If I define classes for global, then site, then system and try to do
something like:

node ntpserver {
  $ntp_master = "accurate.example.com"
  include site::nyresearch
  include site::global
}

None of the values set in nyresearch will be available to classes in
global because of scoping rules.

How are folks making this work? Have I completely missed a totally
awesome feature or language keyword  somewhere along the line? Are
there fun tricks with inheritance that I am missing?

Explanations or links to good docs would be greatly appreciate.
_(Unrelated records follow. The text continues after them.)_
definition resolution_edge ::
    "nat \<Rightarrow> nat \<Rightarrow> (nat \<Rightarrow> nat) \<Rightarrow> (nat \<Rightarrow> bool) \<Rightarrow> nat \<times> nat \<Rightarrow> nat \<times> nat \<Rightarrow> bool" where
  "resolution_edge n m G B u v \<longleftrightarrow>
     (\<exists>c<m. letter_edge n (G c) (B c) c u v) \<or> (\<exists>p. 1 \<le> p \<and> p \<le> n \<and> u = (m, p) \<and> v = (0, p))"

definition diagram_vertices :: "nat \<Rightarrow> nat \<Rightarrow> (nat \<times> nat) set" where
  "diagram_vertices n m = {0..m} \<times> {1..n}"

lemma resolution_edgeE [consumes 1, case_names letter closing]:
  assumes "resolution_edge n m G B u v"
  obtains (letter) c where "c < m" "letter_edge n (G c) (B c) c u v"
    | (closing) p where "1 \<le> p" "p \<le> n" "u = (m, p)" "v = (0, p)"
  using assms unfolding resolution_edge_def by blast

lemma res_adj_eq_resolution_edge:
  "res_adj n w st = resolution_edge n (length w) (\<lambda>c. braid_gen (w ! c)) (\<lambda>c. st ! c)"
  unfolding res_adj_def resolution_edge_def letter_edge_def Let_def by (intro ext) blast

lemma num_loops_eq_card_components:
  "num_loops n w st = card (components (resolution_edge n (length w) (\<lambda>c. braid_gen (w ! c)) (\<lambda>c. st ! c))
                                      (diagram_vertices n (length w)))"
proof -
  have "(\<lambda>x y. res_adj n w st x y \<or> res_adj n w st y x) = symclp (res_adj n w st)"
    by (simp add: symclp_def fun_eq_iff)
  then show ?thesis
    unfolding num_loops_def res_vertices_def diagram_vertices_def components_def equivclp_def
    by (simp only: res_adj_eq_resolution_edge) (rule arg_cong[where f = card], blast)
qed

lemma num_loops_pos:
  assumes "1 \<le> n" shows "1 \<le> num_loops n w st"
proof -
  have "(0, 1) \<in> diagram_vertices n (length w)"
    using assms by (simp add: diagram_vertices_def)
  then show ?thesis
    unfolding num_loops_eq_card_components components_def
    by (simp add: Suc_le_eq card_gt_0_iff diagram_vertices_def)
qed

lemma letter_edge_levels:
  "letter_edge n g b c u v \<Longrightarrow> fst u \<in> {c, Suc c} \<and> fst v \<in> {c, Suc c}"
  by (auto simp: letter_edge_def)

lemma resolution_edge_vertices:
  assumes "\<forall>c<m. B c \<longrightarrow> 1 \<le> G c \<and> G c < n" "resolution_edge n m G B u v"
  shows "u \<in> diagram_vertices n m \<and> v \<in> diagram_vertices n m"
  using assms unfolding resolution_edge_def letter_edge_def diagram_vertices_def by fastforce

lemma resolution_edge_closed:
  assumes "\<forall>c<m. B c \<longrightarrow> 1 \<le> G c \<and> G c < n" "resolution_edge n m G B u v"
  shows "u \<in> diagram_vertices n m \<longleftrightarrow> v \<in> diagram_vertices n m"
  using resolution_edge_vertices[OF assms] by blast

section \<open>Inserting a letter\<close>

definition insert_at :: "nat \<Rightarrow> 'a \<Rightarrow> (nat \<Rightarrow> 'a) \<Rightarrow> nat \<Rightarrow> 'a" where
  "insert_at d x f i = (if i < d then f i else if i = d then x else f (i - 1))"

lemma nth_append_Cons_eq_insert_at:
  "length xs = d \<Longrightarrow> (\<lambda>c. f ((xs @ x # ys) ! c)) = insert_at d (f x) (\<lambda>c. f ((xs @ ys) ! c))"
  by (auto simp: insert_at_def nth_append fun_eq_iff nth_Cons' split: nat.split)

lemma insert_at_bounded:
  assumes "\<forall>c<m. B c \<longrightarrow> 1 \<le> G c \<and> G c < n" "b \<longrightarrow> 1 \<le> g \<and> g < n" "d \<le> m"
  shows "\<forall>c<Suc m. insert_at d b B c \<longrightarrow> 1 \<le> insert_at d g G c \<and> insert_at d g G c < n"
  using assms by (auto simp: insert_at_def)

text \<open>Identifies the two levels bounding the inserted letter \<open>d\<close>.\<close>

definition collapse :: "nat \<Rightarrow> nat \<times> nat \<Rightarrow> nat \<times> nat" where
  "collapse d = apfst (\<lambda>l. if l \<le> d then l else l - 1)"

lemma letter_edge_collapse_below:
  "letter_edge n g b c u v \<Longrightarrow> c < d \<Longrightarrow> collapse d u = u \<and> collapse d v = v"
  by (auto simp: letter_edge_def collapse_def)

lemma letter_edge_collapse_above:
  "letter_edge n g b c u v \<Longrightarrow> d < c \<Longrightarrow> letter_edge n g b (c - 1) (collapse d u) (collapse d v)"
  by (auto simp: letter_edge_def collapse_def)

lemma letter_edge_shift:
  "letter_edge n g b c u v \<Longrightarrow> letter_edge n g b (Suc c) (apfst Suc u) (apfst Suc v)"
  by (auto simp: letter_edge_def)

lemma letter_edge_collapse_shift:
  "letter_edge n g b c u v \<Longrightarrow> d \<le> c \<Longrightarrow> collapse d (apfst Suc u) = u \<and> collapse d (apfst Suc v) = v"
  by (auto simp: letter_edge_def collapse_def)

lemma collapse_image:
  assumes "d \<le> m"
  shows "collapse d ` diagram_vertices n (Suc m) = diagram_vertices n m"
proof (intro equalityI subsetI)
  fix x assume "x \<in> diagram_vertices n m"
  then obtain l p where x: "x = (l, p)" "l \<le> m" "p \<in> {1..n}" by (auto simp: diagram_vertices_def)
  let ?y = "if l \<le> d then (l, p) else (Suc l, p)"
  have "?y \<in> diagram_vertices n (Suc m)" "collapse d ?y = x"
    using x by (auto simp: diagram_vertices_def collapse_def)
  then show "x \<in> collapse d ` diagram_vertices n (Suc m)" by (metis image_eqI)
qed (use assms in \<open>auto simp: diagram_vertices_def collapse_def\<close>)

lemma collapse_eq_cases:
  assumes "collapse d x = collapse d y" "x \<noteq> y"
  obtains p where "x = (d, p) \<and> y = (Suc d, p) \<or> x = (Suc d, p) \<and> y = (d, p)"
proof -
  obtain l1 p1 l2 p2 where xy: "x = (l1, p1)" "y = (l2, p2)" by fastforce
  then have "p1 = p2" "l1 \<noteq> l2" "(if l1 \<le> d then l1 else l1 - 1) = (if l2 \<le> d then l2 else l2 - 1)"
    using assms by (auto simp: collapse_def)
  then have "l1 = d \<and> l2 = Suc d \<or> l1 = Suc d \<and> l2 = d"
    by (auto split: if_splits)
  then show thesis using that xy \<open>p1 = p2\<close> by blast
qed

lemma resolution_edge_insert_cases:
  assumes "d \<le> m" "resolution_edge n (Suc m) (insert_at d g G) (insert_at d b B) u v"
  shows "letter_edge n g b d u v \<or> resolution_edge n m G B (collapse d u) (collapse d v)"
  using assms(2)
proof (cases rule: resolution_edgeE)
  case (letter c)
  note e = letter(2)
  consider "c < d" | "c = d" | "d < c" by linarith
  then show ?thesis
  proof cases
    case 1
    then have "resolution_edge n m G B u v"
      using e assms(1) unfolding resolution_edge_def by (intro disjI1 exI[of _ c]) (simp add: insert_at_def)
    then show ?thesis
      using letter_edge_collapse_below[OF e 1] by simp
  next
    case 2
    then show ?thesis using e by (simp add: insert_at_def)
  next
    case 3
    then have "c - 1 < m" "\<not> c < d" "c \<noteq> d" using letter(1) by auto
    then show ?thesis
      using letter_edge_collapse_above[OF e 3] unfolding resolution_edge_def
      by (intro disjI2 disjI1 exI[of _ "c - 1"]) (simp add: insert_at_def)
  qed
next
  case closing
  then show ?thesis using assms(1) by (auto simp: resolution_edge_def collapse_def)
qed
If I''m trying to go about this all wrong and someone can explain the
error of my ways, that too would be appreciated.

-Don
--~--~---------~--~----~------------~-------~--~----~
You received this message because you are subscribed to the Google Groups
"Puppet Users" group.
To post to this group, send email to puppet-users@googlegroups.com
To unsubscribe from this group, send email to
puppet-users+unsubscribe@googlegroups.com
For more options, visit this group at
http://groups.google.com/group/puppet-users?hl=en
-~----------~----~----~----~------~----~------~--~---

Don wrote:
> When I manage systems- I organize them into hierarchies.
> 
> All my systems share certain global bits in common- NTP servers or the
> root domain name for example.
> 
> All the systems within a given site or environment share other bits in
> common- LDAP servers, a sub domain, default routes, etc. Specific
> sites may even override some of the global settings- for example a
> local NTP server for a mission critical site.
> 
> Then I have servers within those sites that once again might override
> the more general site or global settings. The NTP master for a site is
> not going to use itself as a server- it should use a higher precision
> clock from somewhere else. There may be a special ldap base for the
> research department, etc.
> 
> I can find no good way in puppet to create these sorts of hierarchies.
> 
> If I defined base nodes and try to inherit values- puppet is
> declarative so later values do not get imported.
> 
> If I define classes for global, then site, then system and try to do
> something like:
> 
> node ntpserver {
>   $ntp_master = "accurate.example.com"
>   include site::nyresearch
>   include site::global
> }
> 
> None of the values set in nyresearch will be available to classes in
> global because of scoping rules.
One possibility would be to include site::global within 
site::nyresearch. Then the class would receive all variables.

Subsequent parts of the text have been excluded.